The SLR method also identified a large number of novel isoforms — around 14.5 percent of the human brain spliced reads, corresponding to 13,800 genes, and around 18 percent of the mouse reads, corresponding to 8,600 genes, had novel splice-site combinations.
Novel isoforms were found more often in pseudogenes and lncRNAs than in protein coding genes. The majority of detected spliced genes in all three categories had at least one novel isoform, including 86 percent of protein-coding genes, 86 percent of lncRNAs, and 91 percent of pseudogenes from the human sample.
In addition, the researchers were able to use the SLR data to evaluate the relationship between alternative exons as well as between the human and mouse data. For instance, they found that nine distant molecularly associated exon pairs were shared between the mouse and human data.
"We can deduce all sorts of variation that occurs along the molecules," Tilgner said. For instance, "everything that varies in RNA molecules, we can now connect to the other sites on the RNA molecules and ask whether that is dependent or independent."

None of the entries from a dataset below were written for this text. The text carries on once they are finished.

text \<open>Perron-Frobenius operator: linear extension of k(x, .) |-> k(f x, .)
  (well defined when the family is linearly independent).\<close>
definition perron_frobenius :: "('x \<Rightarrow> 'x \<Rightarrow> complex) \<Rightarrow> ('x \<Rightarrow> 'x) \<Rightarrow> ('x \<Rightarrow> complex) \<Rightarrow> ('x \<Rightarrow> complex)" where
  "perron_frobenius k f h = (SOME h'. \<exists>F c. finite F \<and> h = (\<lambda>y. \<Sum>x\<in>F. c x * k x y) \<and>
                                         h' = (\<lambda>y. \<Sum>x\<in>F. c x * k (f x) y))"

definition koopman_dom :: "('x \<Rightarrow> complex) set \<Rightarrow> ('x \<Rightarrow> 'x) \<Rightarrow> ('x \<Rightarrow> complex) set" where
  "koopman_dom B f = {g\<in>B. g \<circ> f \<in> B}"

definition koopman :: "('x \<Rightarrow> 'x) \<Rightarrow> ('x \<Rightarrow> complex) \<Rightarrow> ('x \<Rightarrow> complex)" where
  "koopman f g = g \<circ> f"

definition dense_wrt :: "('x \<Rightarrow> complex) set \<Rightarrow> (('x \<Rightarrow> complex) \<Rightarrow> ('x \<Rightarrow> complex) \<Rightarrow> complex) \<Rightarrow> ('x \<Rightarrow> complex) set \<Rightarrow> bool" where
  "dense_wrt B pair W \<longleftrightarrow> (\<forall>g\<in>B. (\<forall>w\<in>W. pair g w = 0) \<longrightarrow> g = (\<lambda>y. 0))"

definition adj_dom :: "('x \<Rightarrow> complex) set \<Rightarrow> (('x \<Rightarrow> complex) \<Rightarrow> ('x \<Rightarrow> complex) \<Rightarrow> complex) \<Rightarrow>
    ('x \<Rightarrow> complex) set \<Rightarrow> (('x \<Rightarrow> complex) \<Rightarrow> ('x \<Rightarrow> complex)) \<Rightarrow> ('x \<Rightarrow> complex) set" where
  "adj_dom B pair D T = {g\<in>B. \<exists>z\<in>B. \<forall>h\<in>D. pair g (T h) = pair z h}"

definition adj :: "('x \<Rightarrow> complex) set \<Rightarrow> (('x \<Rightarrow> complex) \<Rightarrow> ('x \<Rightarrow> complex) \<Rightarrow> complex) \<Rightarrow>
    ('x \<Rightarrow> complex) set \<Rightarrow> (('x \<Rightarrow> complex) \<Rightarrow> ('x \<Rightarrow> complex)) \<Rightarrow> ('x \<Rightarrow> complex) \<Rightarrow> ('x \<Rightarrow> complex)" where
  "adj B pair D T g = (THE z. z \<in> B \<and> (\<forall>h\<in>D. pair g (T h) = pair z h))"

end

theory Submission
  imports Defs
begin

text \<open>Pairing against \<open>k(x, \<cdot>)\<close> is point evaluation, so a \<open>g\<close> orthogonal to every
  \<open>k(x, \<cdot>)\<close> vanishes, and the relation \<open>\<langle>g, K\<^sub>f k(x, \<cdot>)\<rangle> = \<langle>z, k(x, \<cdot>)\<rangle>\<close> defining the adjoint
  reads \<open>g (f x) = z x\<close>: it forces \<open>z = g \<circ> f\<close>, and conversely \<open>g \<circ> f \<in> \<B>\<close> satisfies it on
  all of the span by linearity. Linear independence of the \<open>k(x, \<cdot>)\<close> is what makes \<open>K\<^sub>f\<close>
  well defined on the span.\<close>

lemma banach_fun_space_zero: "banach_fun_space B n \<Longrightarrow> (\<lambda>y. 0) \<in> B"
  unfolding banach_fun_space_def by simp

Transcriptome sequencing with long reads is a huge advantage over sequencing with short reads, Snyder said, not only because it enables the sequencing of full-length transcripts, but also because it enables transcript quantification, he said.
Snyder added that compared to the PacBio technology, the main advantage of the SLR technique is throughput. "This can be done on one flowcell of a HiSeq," he said.

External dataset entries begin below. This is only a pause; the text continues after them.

(* The Petersen graph is not B-factorizable; moreover, there is $v\in\overline{\mathbf N}(PM(V))\cap\mathrm{problem}(V)$ with $E(v)$ equal to the Petersen graph and $2v\in\mathbf N(PM(V))$, which is an additional generator.
   Context: Let $V$ be a finite set with $|V|$ even (here $|V|=10$, the vertex set of the Petersen graph). $K=\binom{V}{2}$ is the set of 2-element subsets of $V$. An equal partition of $V$ is an unordered pair $\{H,A\}$ of disjoint subsets with $H\cup A=V$ and $|H|=|A|=|V|/2$; $C=C(V)$ is the set of equal partitions. For $c=\{H,A\}\in C$, $B_c$ is the complete bipartite graph with parts $H$ and $A$. Vectors live in $\mathbb N^{K\cup C}$ with $\mathbb N=\{0,1,2,\dots\}$; $v|_K$ denotes the restriction to coordinates in $K$. For $E\subseteq K$, $\chi_E\in\{0,1\}^K$ is its indicator vector; $\chi_K$ is the all-ones vector on $K$. For $E\subseteq K$ and $c\in C$, $\chi_{E,c}\in\mathbb N^{K\cup C}$ has $K$-components $\chi_E$ and $C$-components equal to the indicator of $c$. $PM(V)=\{\chi_{q,c}: c\in C,\ q\text{ a perfect matching of }B_c\}$. For $\mathcal M\subseteq\mathbb N^{K\cup C}$, $\mathbf N(\mathcal M)$ is the set of finite nonnegative integer combinations of elements of $\mathcal M$, and $\overline{\mathbf N}(\mathcal M)=\{v\in\mathbb N^{K\cup C}: kv\in\mathbf N(\mathcal M)\text{ for some integer }k\ge1\}$. For $v\in\mathbb N^{K\cup C}$, $E(v)=\{e\in K: v(e)=1\}$. $\mathrm{problem}(V)$ is the set of $v\in\mathbb N^{K\cup C}$ such that $v|_K\le\chi_K$, the graph $(V,E(v))$ is regular, and $\frac{|V|}{2}\sum_{c\in C}v(c)=\sum_{e\in K}v(e)$. A regular graph $G=(V,E)$ is B-factorizable if every $v\in\overline{\mathbf N}(PM(V))$ with $v|_K=\chi_E$ belongs to $\mathbf N(PM(V))$. The monoid $\overline{\mathbf N}(PM(V))$ is pointed, hence has a unique inclusion-minimal generating set (as a monoid), its Hilbert basis. An additional generator is an element of the Hilbert basis of $\overline{\mathbf N}(PM(V))$ that does not belong to $PM(V)$. *)

theory Defs
  imports Main
begin

text \<open>Vectors in N^(K \<union> C): coordinates are indexed by the sum type; Inl e for an
  edge e \<in> K, Inr c for an equal partition c \<in> C (c = {H, A} as an unordered pair).\<close>

type_synonym 'a vect = "('a set + 'a set set) \<Rightarrow> nat"

definition Kset :: "'a set \<Rightarrow> 'a set set" where
  "Kset V = {e. e \<subseteq> V \<and> card e = 2}"

definition Cset :: "'a set \<Rightarrow> 'a set set set" where
  "Cset V = {{H, A} | H A. H \<inter> A = {} \<and> H \<union> A = V
              \<and> card H = card V div 2 \<and> card A = card V div 2}"

definition vecs :: "'a set \<Rightarrow> 'a vect set" where
  "vecs V = {v. \<forall>x. x \<notin> Inl ` Kset V \<union> Inr ` Cset V \<longrightarrow> v x = 0}"

definition chiEc :: "'a set set \<Rightarrow> 'a set set \<Rightarrow> 'a vect" where
  "chiEc E c = (\<lambda>x. case x of Inl e \<Rightarrow> (if e \<in> E then 1 else 0)
                             | Inr d \<Rightarrow> (if d = c then 1 else 0))"

definition B_edges :: "'a set set \<Rightarrow> 'a set set" where
  "B_edges c = {{h, a} | h a. \<exists>H A. c = {H, A} \<and> h \<in> H \<and> a \<in> A}"

definition perfect_matching :: "'a set \<Rightarrow> 'a set set \<Rightarrow> 'a set set \<Rightarrow> bool" where
  "perfect_matching V F q \<longleftrightarrow> q \<subseteq> F \<and> (\<forall>u\<in>V. \<exists>!e. e \<in> q \<and> u \<in> e)"

definition PM :: "'a set \<Rightarrow> 'a vect set" where
  "PM V = {chiEc q c | c q. c \<in> Cset V \<and> perfect_matching V (B_edges c) q}"

inductive_set Ncomb :: "'a vect set \<Rightarrow> 'a vect set" for M where
  zero: "(\<lambda>_. 0) \<in> Ncomb M"
| add: "x \<in> M \<Longrightarrow> y \<in> Ncomb M \<Longrightarrow> (\<lambda>i. x i + y i) \<in> Ncomb M"

definition Nbar :: "'a set \<Rightarrow> 'a vect set \<Rightarrow> 'a vect set" where
  "Nbar V M = {v \<in> vecs V. \<exists>k::nat. k \<ge> 1 \<and> (\<lambda>i. k * v i) \<in> Ncomb M}"

definition Eset :: "'a set \<Rightarrow> 'a vect \<Rightarrow> 'a set set" where
  "Eset V v = {e \<in> Kset V. v (Inl e) = 1}"

definition regular_graph :: "'a set \<Rightarrow> 'a set set \<Rightarrow> bool" where
  "regular_graph V E \<longleftrightarrow> (\<exists>d. \<forall>u\<in>V. card {e \<in> E. u \<in> e} = d)"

Tilgen said that getting 50 to 100 reads per gene is important to enable statistical analysis of each gene. The necessary throughput is possible using PacBio's targeted Iso-Seq strategy — and indeed the group used PacBio to validate many of its findings in this study — but it is still not high enough for a whole human transcriptome, he said.
Snyder said that the team now plans to continue to use the SLR method to match transcripts with their start sites and poly-A sites, and to map allele information — "basically every variation you can think of."
"We now have pretty much full-length transcripts and we have high-quality sequence," Tilgen said, "so, we can deduce all sorts of variation that occurs along the molecules."